With social data becoming more available to BI teams, companies are now able to dig into the psychology of the customer.

Julian Thomas
By Julian Thomas, Principal consultant at PBT Group
Johannesburg, 11 Sept 2018
Julian Thomas.
Julian Thomas.

As markets become increasingly globalised, saturated and competitive in the digital age, great focus is being placed on the customer experience.

And, in periods of subdued or stagnant economic growth, such as South Africa is experiencing, people slow down on their spending and as a result, it becomes harder to attract new customers.

Therefore, in these challenging times, significant emphasis is focused on reselling, cross-selling and up-selling existing customers.

However, there is only so much about a customer that can be discerned from their monthly account balance and credit bureau data, where in many cases, whatever insights were available in this data have already been obtained. Businesses therefore need to look beyond the two-dimensional data available and seek other sources of information or insights that will assist the company to better understand customers. To answer the ever-elusive question: Why?

For many years, data warehouse and business intelligence (BI) solutions were focused on defining the what, when, where and how of a company's business.

Sadly, I think that in South Africa we are still a bit behind in truly understanding how much this social data can assist us.

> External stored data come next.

(* Let $0<s<1/2$ and $\beta:=2s-\tfrac32$. There is $C=C(s)$ such that for every $T>0$, every $\omega\in C([0,T];\ell^2_s(\mathbb Z))$ and every $t\in[0,T]$, $$\|\mathcal N[\omega](t)\|_{\ell^2_\beta}\le C\|\omega(t)\|_{\ell^2_s}^3 .$$
   Context: $\langle n\rangle=(1+n^2)^{1/2}$; $\ell^2_s(\mathbb Z)$ is the space of $\omega:\mathbb Z\to\mathbb C$ with $\|\omega\|_{\ell^2_s}:=\|\langle\cdot\rangle^s\omega\|_{\ell^2}<\infty$. For $\omega$ set $\omega^*(n):=\overline{\omega(-n)}$. Write $n_{ij\ldots}=n_i+n_j+\cdots$, $\hat n:=n-i\mathbf 1_{\{n=0\}}$. For integers with $n=n_{123}$ define $m_1:=2i\frac{n n_{23}}{\hat n_1\hat n_2}\mathbf 1_{\{n>0\}}\mathbf 1_{\{n_{23}<0\}}\mathbf 1_{\{n_3\neq0\}}$, $m_2:=2i\frac{n n_{23}}{\hat n_1\hat n_2}\mathbf 1_{\{n<0\}}\mathbf 1_{\{n_{23}>0\}}\mathbf 1_{\{n_3\neq0\}}$, $m_3:=2i\frac{n}{\hat n_1}\mathbf 1_{\{n<0\}}\mathbf 1_{\{n_2n_3\neq0\}}$ (all functions of $(n,n_1,n_2,n_3)$), $\tilde m_1:=m_1\mathbf 1_{\{n_{12}n_{13}\neq0\}}$, and $\Phi:=n|n|-n_1|n_1|-n_2|n_2|-n_3|n_3|$. For $\omega:[0,T]\to\ell^2_s$ and $t\in[0,T]$, $n\in\mathbb Z$, $$\mathcal N[\omega](t,n):=\sum_{n=n_{123}}e^{it\Phi}\big[\tilde m_1\,\omega(t,n_1)\omega(t,n_2)\omega^*(t,n_3)+m_2\,\omega(t,n_1)\omega^*(t,n_2)\omega(t,n_3)+m_3\,\omega^*(t,n_1)\omega(t,n_2)\omega(t,n_3)\big],$$ the sum being over $(n_1,n_2,n_3)\in\mathbb Z^3$ with $n_1+n_2+n_3=n$. *)

theory Defs
  imports "HOL-Analysis.Analysis"
begin

definition jbr :: "int \<Rightarrow> real" where
  "jbr n = sqrt (1 + (real_of_int n)^2)"

definition in_l2s :: "real \<Rightarrow> (int \<Rightarrow> complex) \<Rightarrow> bool" where
  "in_l2s s w \<longleftrightarrow> (\<lambda>n. (jbr n powr s * cmod (w n))^2) summable_on UNIV"

definition l2s_norm :: "real \<Rightarrow> (int \<Rightarrow> complex) \<Rightarrow> real" where
  "l2s_norm s w = sqrt (\<Sum>\<^sub>\<infinity>n. (jbr n powr s * cmod (w n))^2)"

definition star :: "(int \<Rightarrow> complex) \<Rightarrow> int \<Rightarrow> complex" where
  "star w n = cnj (w (-n))"

definition hatn :: "int \<Rightarrow> complex" where
  "hatn n = of_int n - (if n = 0 then \<i> else 0)"

definition m1 :: "int \<Rightarrow> int \<Rightarrow> int \<Rightarrow> int \<Rightarrow> complex" where
  "m1 n n1 n2 n3 = (if n > 0 \<and> n2 + n3 < 0 \<and> n3 \<noteq> 0
     then 2 * \<i> * of_int n * of_int (n2 + n3) / (hatn n1 * hatn n2) else 0)"

definition m2 :: "int \<Rightarrow> int \<Rightarrow> int \<Rightarrow> int \<Rightarrow> complex" where
  "m2 n n1 n2 n3 = (if n < 0 \<and> n2 + n3 > 0 \<and> n3 \<noteq> 0
     then 2 * \<i> * of_int n * of_int (n2 + n3) / (hatn n1 * hatn n2) else 0)"

definition m3 :: "int \<Rightarrow> int \<Rightarrow> int \<Rightarrow> int \<Rightarrow> complex" where
  "m3 n n1 n2 n3 = (if n < 0 \<and> n2 * n3 \<noteq> 0
     then 2 * \<i> * of_int n / hatn n1 else 0)"

definition m1t :: "int \<Rightarrow> int \<Rightarrow> int \<Rightarrow> int \<Rightarrow> complex" where
  "m1t n n1 n2 n3 = (if (n1 + n2) * (n1 + n3) \<noteq> 0 then m1 n n1 n2 n3 else 0)"

definition Phi :: "int \<Rightarrow> int \<Rightarrow> int \<Rightarrow> int \<Rightarrow> int" where
  "Phi n n1 n2 n3 = n * \<bar>n\<bar> - n1 * \<bar>n1\<bar> - n2 * \<bar>n2\<bar> - n3 * \<bar>n3\<bar>"

definition NN :: "(real \<Rightarrow> int \<Rightarrow> complex) \<Rightarrow> real \<Rightarrow> int \<Rightarrow> complex" where
  "NN w t n = (\<Sum>\<^sub>\<infinity>(n1, n2, n3) \<in> {(n1, n2, n3). n1 + n2 + n3 = n}.
      exp (\<i> * of_real t * of_int (Phi n n1 n2 n3)) *
      (m1t n n1 n2 n3 * w t n1 * w t n2 * star (w t) n3
       + m2 n n1 n2 n3 * w t n1 * star (w t) n2 * w t n3
       + m3 n n1 n2 n3 * star (w t) n1 * w t n2 * w t n3))"

end

theory Submission
  imports Defs
begin

text \<open>
  On the support of \<open>m\<^sub>1\<close> and \<open>m\<^sub>2\<close> one has \<open>\<bar>n\<^sub>2\<^sub>3\<bar> \<le> \<bar>n\<^sub>1\<bar>\<close>, so every multiplier is bounded by
  \<open>4\<bar>n\<bar>\<langle>n\<^sub>j\<rangle>\<^sup>-\<^sup>1\<close> for one of its frequencies \<open>n\<^sub>j\<close>. Hence \<open>|\<N>[\<omega>](n)|\<close> is bounded by \<open>4\<bar>n\<bar>\<close> times
  iterated convolutions \<open>a * (b\<langle>\<cdot>\<rangle>\<^sup>-\<^sup>1 * c)\<close> of \<open>|\<omega>|\<close> and \<open>|\<omega>\<^sup>*|\<close>, and the factor \<open>\<bar>n\<bar>\<close> is exactly the
  difference between the weights \<open>2s - 1/2\<close> and \<open>\<beta> = 2s - 3/2\<close>. The inner convolution stays in
  \<open>l\<^sup>2\<^sub>s\<close>, because \<open>\<langle>\<cdot>\<rangle>\<^sup>s\<close> is submultiplicative and \<open>\<Sum>\<langle>q\<rangle>\<^sup>-\<^sup>2 < \<infinity>\<close>. It remains to show that
  convolution maps \<open>l\<^sup>2\<^sub>s \<times> l\<^sup>2\<^sub>s\<close> into \<open>l\<^sup>2\<close> with weight \<open>2s - 1/2\<close> when \<open>0 < s < 1/2\<close>. This is proved
  by duality: split the convolution according to which of the two frequencies dominates and apply
  a Schur test to each part, the kernel bound being
  \<open>\<Sum>\<^bsub>\<bar>r\<bar>\<le>\<bar>P\<bar>\<^esub> \<langle>P+r\<rangle>\<^sup>4\<^sup>s\<^sup>-\<^sup>1 \<langle>r\<rangle>\<^sup>-\<^sup>2\<^sup>s \<lesssim> \<langle>P\<rangle>\<^sup>2\<^sup>s\<close>.

  Sums of nonnegative terms are taken in \<open>ennreal\<close> over the counting measure, so that no
  summability side conditions arise; the duality argument is run on finite truncations, which
  keeps the dual quantity finite so that it can be cancelled.
\<close>

section \<open>Sums over the integers\<close>

lemma nonneg_summable_on_of_nn_integral_finite:
  fixes f :: "'a \<Rightarrow> real"
  assumes nonneg: "\<And>x. 0 \<le> f x" and finite: "(\<integral>\<^sup>+x. f x \<partial>count_space UNIV) < \<infinity>"
  shows "f summable_on UNIV"
    and "infsum f UNIV = enn2real (\<integral>\<^sup>+x. f x \<partial>count_space UNIV)"
proof -
  have "integrable (count_space UNIV) f"
    using finite nonneg by (simp add: integrable_iff_bounded abs_of_nonneg)
  hence abs: "Infinite_Set_Sum.abs_summable_on f UNIV"
    by (simp add: Infinite_Set_Sum.abs_summable_on_def)
  hence "Infinite_Sum.abs_summable_on f UNIV" using abs_summable_equivalent by blast
  thus "f summable_on UNIV" using nonneg by (simp add: abs_of_nonneg)
  have "infsum f UNIV = infsetsum f UNIV" using infsetsum_infsum[OF abs] by simp
  also have "\<dots> = enn2real (\<integral>\<^sup>+x. f x \<partial>count_space UNIV)"
    by (rule infsetsum_conv_nn_integral) (use finite nonneg in auto)
  finally show "infsum f UNIV = enn2real (\<integral>\<^sup>+x. f x \<partial>count_space UNIV)" .
qed

lemma nn_integral_count_space_eq_infsum:
  fixes f :: "'a \<Rightarrow> real"
  assumes nonneg: "\<And>x. 0 \<le> f x" and summable: "f summable_on UNIV"
  shows "(\<integral>\<^sup>+x. f x \<partial>count_space UNIV) = ennreal (infsum f UNIV)"
proof -
  have "Infinite_Sum.abs_summable_on f UNIV" using nonneg summable by (simp add: abs_of_nonneg)
  hence abs: "Infinite_Set_Sum.abs_summable_on f UNIV" using abs_summable_equivalent by blast
  have "(\<integral>\<^sup>+x. f x \<partial>count_space UNIV) = ennreal (infsetsum f UNIV)"
    by (rule nn_integral_conv_infsetsum) (use nonneg abs in auto)
  also have "\<dots> = ennreal (infsum f UNIV)" using infsetsum_infsum[OF abs] by simp
  finally show ?thesis .
qed

lemma ennreal_norm_infsum_le_nn_integral:
  fixes g :: "'a \<Rightarrow> 'b::{banach, second_countable_topology}"
  shows "ennreal (norm (infsum g A)) \<le> (\<integral>\<^sup>+x. norm (g x) \<partial>count_space A)"
proof (cases "(\<integral>\<^sup>+x. norm (g x) \<partial>count_space A) < \<infinity>")
  case True
  hence "integrable (count_space A) g"
    unfolding integrable_iff_bounded by simp
  hence abs: "Infinite_Set_Sum.abs_summable_on g A"
    by (simp add: Infinite_Set_Sum.abs_summable_on_def)
  hence "Infinite_Sum.abs_summable_on g A" using abs_summable_equivalent by blast
  hence "norm (infsum g A) \<le> infsum (\<lambda>x. norm (g x)) A" by (rule norm_infsum_bound)
  also have "\<dots> = infsetsum (\<lambda>x. norm (g x)) A"
    using abs by (subst infsetsum_infsum) auto
  finally have "ennreal (norm (infsum g A)) \<le> ennreal (infsetsum (\<lambda>x. norm (g x)) A)"
    by (rule ennreal_leI)
  also have "\<dots> = (\<integral>\<^sup>+x. norm (g x) \<partial>count_space A)"
    using abs by (simp add: nn_integral_conv_infsetsum)
  finally show ?thesis .
qed (simp add: not_less top_unique)

abbreviation zsum :: "(int \<Rightarrow> ennreal) \<Rightarrow> ennreal" where
  "zsum f \<equiv> \<integral>\<^sup>+n. f n \<partial>count_space UNIV"

lemma zsum_shift: "zsum (\<lambda>n. f (n - p)) = zsum f"
proof -
  have "bij_betw (\<lambda>n. n - p) (UNIV::int set) UNIV"
    by (rule bij_betwI[of _ _ _ "\<lambda>n. n + p"]) auto
  from nn_integral_bij_count_space[OF this, of f] show ?thesis .
qed

lemma zsum_reflect: "zsum (\<lambda>p. f (n - p)) = zsum f"
proof -
  have "bij_betw (\<lambda>p. n - p) (UNIV::int set) UNIV"
    by (rule bij_betwI[of _ _ _ "\<lambda>p. n - p"]) auto
  from nn_integral_bij_count_space[OF this, of f] show ?thesis .
qed

lemma zsum_swap: "zsum (\<lambda>m. zsum (\<lambda>n. f m n)) = zsum (\<lambda>n. zsum (\<lambda>m. f m n))"
  by (rule nn_integral_count_space_nn_integral) auto

lemma zsum_zsum_eq_pair: "zsum (\<lambda>m. zsum (\<lambda>n. f (m, n))) = (\<integral>\<^sup>+z. f z \<partial>count_space UNIV)"
  by (rule nn_integral_fst_count_space)

lemma nn_integral_sum3_eq_zsum_zsum:
  "(\<integral>\<^sup>+z. F z \<partial>count_space {(n1, n2, n3). n1 + n2 + n3 = (n::int)})
     = zsum (\<lambda>n1. zsum (\<lambda>n2. F (n1, n2, n - n1 - n2)))"
proof -
  define h where "h = (\<lambda>(a, b). (a, b, n - a - b))"
  have "bij_betw h UNIV {(n1, n2, n3). n1 + n2 + n3 = n}"
    unfolding h_def by (rule bij_betwI[of _ _ _ "\<lambda>(a, b, c). (a, b)"]) auto
  hence "(\<integral>\<^sup>+z. F z \<partial>count_space {(n1, n2, n3). n1 + n2 + n3 = n})
      = (\<integral>\<^sup>+z. F (h z) \<partial>count_space UNIV)"
    by (rule nn_integral_bij_count_space[symmetric])
  also have "\<dots> = zsum (\<lambda>n1. zsum (\<lambda>n2. F (h (n1, n2))))"
    by (rule zsum_zsum_eq_pair[symmetric])
  finally show ?thesis by (simp add: h_def)
qed

lemma zsum_mono: "(\<And>n. f n \<le> g n) \<Longrightarrow> zsum f \<le> zsum g"
  by (rule nn_integral_mono) auto

lemma zsum_add: "zsum (\<lambda>n. f n + g n) = zsum f + zsum g"
  by (rule nn_integral_add) auto

lemma zsum_cmult: "zsum (\<lambda>n. c * f n) = c * zsum f"
  by (rule nn_integral_cmult) auto

lemma zsum_cmult_right: "zsum (\<lambda>n. f n * c) = zsum f * c"
  using zsum_cmult[of c f] by (simp add: mult.commute)

lemma zsum_finite_support:
  assumes "finite A" "\<And>n. n \<notin> A \<Longrightarrow> f n = 0"
  shows "zsum f = (\<Sum>n\<in>A. f n)"
  using assms by (intro nn_integral_count_space') auto

lemma zsum_le_of_partial_sums_le:
  assumes "\<And>N::nat. (\<Sum>n\<in>{- int N..int N}. f n) \<le> B"
  shows "zsum f \<le> B"
proof -
  define fN where "fN N n = (if n \<in> {- int N..int N} then f n else 0)" for N :: nat and n
  have inc: "incseq fN"
    unfolding incseq_def le_fun_def fN_def by auto
  have sup: "(SUP N. fN N n) = f n" for n
  proof (rule antisym)
    show "(SUP N. fN N n) \<le> f n" by (rule SUP_least) (auto simp: fN_def)
    have "fN (nat \<bar>n\<bar>) n = f n" by (auto simp: fN_def)
    thus "f n \<le> (SUP N. fN N n)" by (metis SUP_upper UNIV_I)
  qed
  have "zsum f = (SUP N. zsum (fN N))"
    by (simp add: sup[symmetric] nn_integral_monotone_convergence_SUP[OF inc])
  also have "\<dots> \<le> B"
  proof (rule SUP_least)
    fix N
    have "zsum (fN N) = (\<Sum>n\<in>{- int N..int N}. f n)"
      by (subst zsum_finite_support[of "{- int N..int N}"]) (auto simp: fN_def)
    thus "zsum (fN N) \<le> B" using assms by simp
  qed
  finally show ?thesis .
qed

lemma zsum_Cauchy_Schwarz: "(zsum (\<lambda>n. f n * g n))\<^sup>2 \<le> zsum (\<lambda>n. (f n)\<^sup>2) * zsum (\<lambda>n. (g n)\<^sup>2)"
  by (rule Cauchy_Schwarz_nn_integral) auto

lemma zsum_zsum_Cauchy_Schwarz:
  "(zsum (\<lambda>m. zsum (\<lambda>n. f m n * g m n)))\<^sup>2
     \<le> zsum (\<lambda>m. zsum (\<lambda>n. (f m n)\<^sup>2)) * zsum (\<lambda>m. zsum (\<lambda>n. (g m n)\<^sup>2))"
proof -
  have "(\<integral>\<^sup>+z. case_prod f z * case_prod g z \<partial>count_space UNIV)\<^sup>2 \<le>
        (\<integral>\<^sup>+z. (case_prod f z)\<^sup>2 \<partial>count_space UNIV) * (\<integral>\<^sup>+z. (case_prod g z)\<^sup>2 \<partial>count_space UNIV)"
    by (rule Cauchy_Schwarz_nn_integral) auto
  thus ?thesis by (simp add: zsum_zsum_eq_pair[symmetric])
qed

lemma ennreal_add_sq_le:
  fixes x y :: ennreal
  shows "(x + y)\<^sup>2 \<le> 2 * (x\<^sup>2 + y\<^sup>2)"
proof (cases x; cases y)
  fix a b :: real
  assume ab: "x = ennreal a" "0 \<le> a" "y = ennreal b" "0 \<le> b"
  have "(a + b)\<^sup>2 \<le> 2 * (a\<^sup>2 + b\<^sup>2)"
    using zero_le_square[of "a - b"] by (simp add: power2_eq_square algebra_simps)
  hence "ennreal ((a + b)\<^sup>2) \<le> ennreal (2 * (a\<^sup>2 + b\<^sup>2))" by (rule ennreal_leI)
  moreover have "(x + y)\<^sup>2 = ennreal ((a + b)\<^sup>2)"
    using ab by (simp add: ennreal_power ennreal_plus[symmetric] del: ennreal_plus)
  moreover have "2 * (x\<^sup>2 + y\<^sup>2) = ennreal (2 * (a\<^sup>2 + b\<^sup>2))" using ab by (simp add: ennreal_power ennreal_mult)
  ultimately show ?thesis by (simp only:)
qed auto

Very often, the 'why' was not possible. In other words, understanding why good or bad things happened in a company. This was where advanced analytics (AA)/data science came in. Trying to understand why things happened was deemed to be the responsibility of the relevant AA department.

The reality though, is that even with AA, understanding the why was still not really that easy to do. AA could maybe tell you why a division was doing badly, or what was causing customers to churn. However, we were never able to truly understand the why.

We could make reasonable guesses and extrapolations, but this was generally only at the surface, skin-deep level. The reason for this was that we did not have the detailed information available to get into the hearts and minds of the customer. We could make predictions based on the two-dimensional data available to us at the time, but no more than that.

With social data becoming more available to BI teams, we are now able to dig deeper, into the psychology of the customer. We are exposed to more information that can help us determine what is going on in our customers' lives. With this, we can better understand the motivating factors behind customer behaviour and the why.

To do this, we obviously need more data, and there are a few factors that we should consider here.

Data access

Some social data is readily accessible, but many platforms have more security restrictions, where you need a valid connection (and permission) to a person to access their data. It's not the Wild West!

Making sense of the data

Having all the social data in the world won't help you if you cannot make sense of the data. In this regard, the human touch is extremely important, in terms of correctly managing and categorising this data.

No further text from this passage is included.